I want to go over something I ran into and couldn’t figure out what the rule was for a long time. I couldn’t understand why I couldn’t just MOV my whole string of 5 bytes in [rsp]. I kept thinking “it should work, it’s <= 8 bytes”, but I kept getting errors of data exceeding bounds and immediate exceeding bounds.

cat chmod.s        
    mov qword [rsp], 0x67616C662F ; galf/

chmod.s:6: warning: signed dword immediate exceeds bounds [-w+number-overflow]
chmod.s:6: warning: dword data exceeds bounds [-w+number-overflow]

I kept trying to build my flag in one go, because I figured rsp is 64 bit register, I’m moving a 5 byte value, should work right? No.

64-bit mode doesn’t allow 64-bit encoding of immediates – NASM forum

“But, I’ve moved 64-bit values into other registers before !!” I thought.

 […] except for MOV-ing to a 64-bit register. 

source: Intel® 64 and IA-32 Architectures, Software Developer’s Manual
Combined Volumes:
1, 2A, 2B, 2C, 2D, 3A, 3B, 3C, 3D, and 4
Page Vol. 2B 4-28

Yes I pulled out the Intel manual. Here is proof that we cannot move an imm64 into a r/m64 (An operand that can be either a 64-bit register (r64) OR a 64-bit memory location (m64)).

So, it would work if I moved a value to a register, and then from that register to the [rsp] memory location, it should work?

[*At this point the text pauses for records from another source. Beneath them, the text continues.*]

(* Let $\mathcal{C}=\{K_1,\dots,K_m\}$ be a covering of a finite set $E$. Let $A=\{A_1,\dots,A_s\}$ be the collection of all nonempty sets of the form $K_i-\bigcup_{j\neq i}K_j$ ($1\le i\le m$), and let $B=E-\bigcup_{i=1}^sA_i$. Then $\{A_1,\dots,A_s\}\cup\{\{x\}:x\in B\}$ is exactly the set of atoms of the lattice $\mathcal{L}(M(\mathcal{C}))$.
   Context: A covering of a finite set $E$ is a family of nonempty subsets of $E$ whose union is $E$. For a family $\mathcal{C}=\{K_1,\dots,K_m\}$ of subsets of $E$, a partial transversal is a set $\{e_1,\dots,e_k\}$ of distinct elements such that $e_j\in K_{i_j}$ for some distinct indices $i_1,\dots,i_k$; the transversal matroid $M(\mathcal{C})$ is the matroid on $E$ whose independent sets are the partial transversals of $\mathcal{C}$. For a matroid $M$ with rank function $r_M$, $cl_M(X)=\{a\in E:r_M(X\cup\{a\})=r_M(X)\}$; $X$ is closed if $cl_M(X)=X$. $\mathcal{L}(M)$ denotes the lattice of all closed sets of $M$ ordered by inclusion (meet is intersection, join is $cl_M$ of the union); its least element is $cl_M(\emptyset)$. An atom of a lattice with least element $0$ is an element covering $0$. *)

theory Defs
  imports Main
begin

text \<open>A family K_1..K_m is represented as K :: nat => 'a set with indices i < m.\<close>

definition is_covering :: "'a set \<Rightarrow> (nat \<Rightarrow> 'a set) \<Rightarrow> nat \<Rightarrow> bool" where
  "is_covering E K m \<longleftrightarrow> (\<forall>i<m. K i \<noteq> {} \<and> K i \<subseteq> E) \<and> (\<Union>i<m. K i) = E"
(* Consider the linear model $Y=X\beta^0+\epsilon$ with $Y\in\mathbb{R}^n$, $X\in\mathbb{R}^{n\times p}$, $\beta^0\in\mathbb{R}^p$, and noise $\epsilon\in\mathbb{R}^n$ with i.i.d. entries of mean $0$ and variance $\sigma^2$. Let $\Omega$ be a norm on $\mathbb{R}^p$, $\lambda>0$, $\hat\beta$ a minimizer of $\beta\mapsto\|Y-X\beta\|_n+\lambda\Omega(\beta)$, $\hat\epsilon:=Y-X\hat\beta$, and let $f,\lambda^0$ be as in the context. Assume Assumption I (see context). Let $S\subseteq\{1,\dots,p\}$ be an allowed set for $\Omega$ with associated norm $\Omega^{S^c}$ (Assumption II), let $\beta\in\mathbb{R}^p$ with $\operatorname{supp}(\beta)\subseteq S$, and let $0\le\delta<1$. Assume $a\lambda^m<\lambda$ where $a=3(1+f)$. Define $$\lambda^*:=\lambda\,\frac{1-\frac{\lambda^0}{\lambda}(1+2f)}{f+2},\qquad \tilde\lambda:=\lambda(1+f),\qquad L_S:=\frac{\tilde\lambda+\lambda^m}{\lambda^*-\lambda^m}\cdot\frac{1+\delta}{1-\delta}.$$ Then $$\|X(\hat\beta-\beta^0)\|_n^2+2\delta\|\epsilon\|_n\Big[(\lambda^*+\lambda^m)\Omega(\hat\beta_S-\beta)+(\lambda^*-\lambda^m)\Omega^{S^c}(\hat\beta_{S^c})\Big]\le \|X(\beta-\beta^0)\|_n^2+\|\epsilon\|_n^2\big[(1+\delta)(\tilde\lambda+\lambda^m)\big]^2\,\Gamma_\Omega^2(L_S,S).$$ Moreover, for each allowed set $S$ (with its norm $\Omega^{S^c}$ and its quantities $\lambda^m=\lambda^m(S)$, $L_S$) let $\beta_\star(S)$ be a minimizer, over $\beta$ with $\operatorname{supp}(\beta)\subseteq S$, of $\|X(\beta-\beta^0)\|_n^2+\|\epsilon\|_n^2[(1+\delta)(\tilde\lambda+\lambda^m(S))]^2\Gamma_\Omega^2(L_S,S)$; let $S_\star$ be a minimizer over allowed sets $S$ of $\|X(\beta_\star(S)-\beta^0)\|_n^2+\|\epsilon\|_n^2[(1+\delta)(\tilde\lambda+\lambda^m(S))]^2\Gamma_\Omega^2(L_S,S)$, and $\beta_\star:=\beta_\star(S_\star)$. If the hypotheses above hold with $S=S_\star$ (in particular $a\lambda^m(S_\star)<\lambda$), then, writing $\lambda^m=\lambda^m(S_\star)$, $$\|X(\hat\beta-\beta^0)\|_n^2\le\|X(\beta_\star-\beta^0)\|_n^2+\|\epsilon\|_n^2(1+\delta)^2(\tilde\lambda+\lambda^m)^2\,\Gamma_\Omega^2(L_{S_\star},S_\star),$$ and, if $\delta>0$, $$\Omega(\hat\beta_{S_\star}-\beta_\star)+\Omega^{S_\star^c}(\hat\beta_{S_\star^c})\le\frac{1}{2\delta\|\epsilon\|_n}\cdot\frac{\|X(\beta_\star-\beta^0)\|_n^2}{\lambda^*-\lambda^m}+\frac{(1+\delta)^2\|\epsilon\|_n}{2\delta}\cdot\frac{(\tilde\lambda+\lambda^m)^2}{\lambda^*-\lambda^m}\,\Gamma_\Omega^2(L_{S_\star},S_\star).$$
   Context: For $a\in\mathbb{R}^n$, $\|a\|_n:=(\sum_{j=1}^n a_j^2/n)^{1/2}$. For a norm $N$, its dual is $N^*(x):=\max_{N(z)\le1}z^Tx$. For $S\subseteq\{1,\dots,p\}$ and $\beta\in\mathbb{R}^p$, $\beta_S$ denotes the restriction of $\beta$ to coordinates in $S$; when $\Omega$ (a norm on $\mathbb{R}^p$) is applied to $\beta_S$, $\beta_S$ is viewed as the vector in $\mathbb{R}^p$ with coordinates outside $S$ set to $0$, and when a norm on $\mathbb{R}^{|S^c|}$ is applied to $\beta_{S^c}$ it is viewed as $(\beta_j)_{j\in S^c}$. Weak decomposability (Assumption II): $\Omega$ is weakly decomposable for $S$ if there is a norm $\Omega^{S^c}$ on $\mathbb{R}^{|S^c|}$ with $\Omega(\beta)\ge\Omega(\beta_S)+\Omega^{S^c}(\beta_{S^c})$ for all $\beta\in\mathbb{R}^p$; such $S$ is called allowed. Quantities: $f:=\lambda\Omega(\beta^0)/\|\epsilon\|_n$; $\lambda^0:=\Omega^*(\epsilon^TX)/(n\|\epsilon\|_n)$; $\lambda^S:=\Omega^*((\epsilon^TX)_S)/(n\|\epsilon\|_n)$; $\lambda^{S^c}:=\Omega^{S^c*}((\epsilon^TX)_{S^c})/(n\|\epsilon\|_n)$ with $\Omega^{S^c*}$ the dual of $\Omega^{S^c}$; $\lambda^m:=\max(\lambda^S,\lambda^{S^c})$. Assumption I: $P\big(Y\in\{\tilde Y:\min_{\beta:X\beta=\tilde Y}\Omega(\beta)\le\|\epsilon\|_n\}\big)=0$ and $\frac{\lambda^0}{\lambda}(1+2f)<1$. $\Omega$-eigenvalue: for $L>0$ and allowed $S$, $\delta_\Omega(L,S):=\min\{\|X\beta_S-X\beta_{S^c}\|_n:\ \Omega(\beta_S)=1,\ \Omega^{S^c}(\beta_{S^c})\le L\}$; $\Omega$-effective sparsity $\Gamma_\Omega^2(L,S):=1/\delta_\Omega^2(L,S)$. *)

theory Defs
  imports "HOL-Analysis.Analysis"
begin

Let’s try.

mov rdx, 0x67616C662F
mov qword [rsp], rdx

Nice, no errors here. Let’s check pwndbg:

Anyways, I used gdb / strace to debug my shellcode, and it was quite nice because I found out about the layout ASM in gdb, which is cool. The reason why I didn’t just use pwntools & pwndbg is that I wanted to take time to learn other tools, write & compile shellcode myself, and debug it using more “raw” tools.

Once I got pretty familiar with these tools, I reverted back to pwndbg & pwntools for ease.

A byte budget

Another challenge was to write a shellcode <= 18 bytes. WHAT? okay… I think the current shellcode I have for chmoding the flag is like 36 bytes… We’ve got some work to do here.

We already know that “/flag” takes 5 bytes, so we could reduce it by creating a symlink “a” to flag:

ln -s /flag a

Now we can just chmod the file “a”! We just saved a few bytes.

We can also use smaller registers. For example, if RAX is empty, we can just use the low 8 bits of the register called AL to put our 0x5a byte (this website shows it nicely):

 mov al, 0x5a
 mov si, 0x1bc

Living off the land

What happens when your shellcode needs to be… 10 bytes?

Yeah you already thought you were a shellcode pro when you managed to get 36 bytes down to 18 bytes. But no, that’s not enough!

Living off the land is the idea of using things that are around you. What data is in the registers when the program is running, at the moment right before your shellcode gets executed?

How can you see that, you may ask? Well, with the int3 instruction, of course!

Int3 generates a software interrupt and sends a SIGTRAP which is caught by the debugger. Then, we can inspect registers, stacks, and see what we have at our disposal. We can use this technique in a scenario such as, we don’t know where to put a breakpoint in the main program and we don’t want to start stepping into each instruction since the start of the program.

We know that the challenge’s program will eat our shellcode, so we can just have our shellcode be the breakpoint (if that makes sense).

Here, an easy win would be to use the RCX value of “H=” as a filename, using the same symlink technique we used previously for our chmod.

push rcx
pop rdi

I harnessed this technique to get my shellcode down to 10 bytes.